Writing a DBQ
Writing a DBQ
Step 1: Answer each question in Part A
Carefully read or view each document of the DBQ question. Use factual information and base your answer to each question on the specific document to which it is related, and be sure to compose each answer using complete sentences.
Step 2: Read through the grading rubric.
A DBQ essay question will always be accompanied by a grading rubric which explains how the essay response will be graded. Pay close attention to this rubric and be sure to meet all of the requirements so that your essay response can earn the maximum number of points.
Grading rubric, cont. Be sure to read through the entire rubric so that you can discover not only what you should do to earn points, but also what you shouldn't do so that points will not be deducted from your response. Once you have an understanding of these criteria, begin writing your essay in Part B.
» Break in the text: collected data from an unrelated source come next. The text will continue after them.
lemma alt_prod_ge_power: "alt_base bs \<Longrightarrow> Min (set bs) ^ k \<le> alt_prod bs k"
proof (induction k)
  case (Suc k)
  have "1 < Min (set bs)" "Min (set bs) \<le> alt_beta bs k"
    using alt_base_Min_gt_1 alt_beta_ge_Min Suc.prems by auto
  then have "Min (set bs) * Min (set bs) ^ k \<le> alt_beta bs k * alt_prod bs k"
    using Suc by (intro mult_mono) auto
  then show ?case
    by (simp add: alt_prod_Suc mult.commute)
qed simp

lemma alt_prod_length: "alt_prod bs (length bs) = prod_list bs"
  by (simp add: alt_prod_def alt_beta_def prod.list_conv_set_nth atLeast0LessThan)

lemma alt_rem_eq_alt_prod_mult:
  assumes bs: "alt_base bs" and x: "0 \<le> x" and small: "alt_prod bs n * x < 1" and "k \<le> n"
  shows "alt_rem bs x k = alt_prod bs k * x"
  using \<open>k \<le> n\<close>
proof (induction k)
  case (Suc k)
  have "alt_prod bs (Suc k) * x \<le> alt_prod bs n * x"
    using alt_prod_mono[OF bs Suc.prems] x by (rule mult_right_mono)
  moreover have "0 \<le> alt_prod bs (Suc k) * x"
    using alt_prod_pos[OF bs, of "Suc k"] x by simp
  ultimately have "\<lfloor>alt_prod bs (Suc k) * x\<rfloor> = 0"
    using small by (simp add: floor_eq_iff)
  then show ?case
    using Suc by (simp add: alt_prod_Suc mult_ac)
qed simp

lemma alt_rem_Suc_first_carry:
  assumes bs: "alt_base bs" and x: "0 \<le> x" and small: "alt_prod bs n * x < 1"
    and carry: "1 \<le> alt_prod bs (Suc n) * x" "alt_prod bs (Suc n) * x < 2"
  shows "alt_rem bs x (Suc n) = alt_prod bs (Suc n) * x - 1"
proof -
  have "alt_beta bs n * alt_rem bs x n = alt_prod bs (Suc n) * x"
    using alt_rem_eq_alt_prod_mult[OF bs x small order.refl] by (simp add: alt_prod_Suc mult_ac)
  moreover have "\<lfloor>alt_prod bs (Suc n) * x\<rfloor> = 1"
    using carry by (simp add: floor_eq_iff)
  ultimately show ?thesis
    by simp
qed

lemma exists_fraction_in_window:
  fixes A B :: real
  assumes A: "0 < A" and AB: "A < B"
  obtains q m :: nat where "B < q" "1 \<le> B * (m / q)" "B * (m / q) < 2" "A * (m / q) < 1"
proof -
  define u where "u = min (1 / A) (2 / B)"
  have B: "0 < B"
    using A AB by simp
  have "1 / B < u"
    unfolding u_def using A AB by (simp add: frac_less2 divide_strict_right_mono)
  then obtain q :: nat where q: "max B (1 / (u - 1 / B)) < q"
    using reals_Archimedean2 by blast
  then have qB: "B < q" and q_pos: "0 < real q" and q_small: "1 / q < u - 1 / B"
    using B \<open>1 / B < u\<close> by (auto simp: field_simps)
  define m where "m = nat \<lceil>q / B\<rceil>"
  have "real m = of_int \<lceil>q / B\<rceil>"
    using q_pos B unfolding m_def by simp
  then have m: "q / B \<le> m" "m < q / B + 1"
    by linarith+
  have "1 \<le> B * (m / q)"
    using m(1) q_pos B by (simp add: field_simps)
  moreover have "m / q < u"
  proof -
    have "m / q < (q / B + 1) / q"
      using m(2) q_pos by (simp add: divide_strict_right_mono)
    also have "\<dots> = 1 / B + 1 / q"
      using q_pos B by (simp add: field_simps)
    finally show ?thesis
      using q_small by simp
  qed
  then have "B * (m / q) < 2" "A * (m / q) < 1"
    using A B unfolding u_def by (simp_all add: field_simps)
  ultimately show ?thesis
    using that qB by blast
qed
Step 3: Compose a thesis statement.
Read the task section in Part B of the DBQ essay question and analyze it in order to figure out what it is asking you to do. Key words used in the task may include:
Thesis, cont. Discuss means "to make observations about something using facts, reasoning, and argument; to present in some detail.“ Describe means "to illustrate something in words or tell about it.“ Show means "to point out; to set forth clearly a position or idea by stating it and giving data to support it."
Thesis, cont. Explain means "to make plain or understandable; to give reasons for or causes of; to show the logical development or relationships of" (Global Studies Regents, June, 1997). Once you understand what the task is asking you to write about, compose a thesis statement that addresses these issues.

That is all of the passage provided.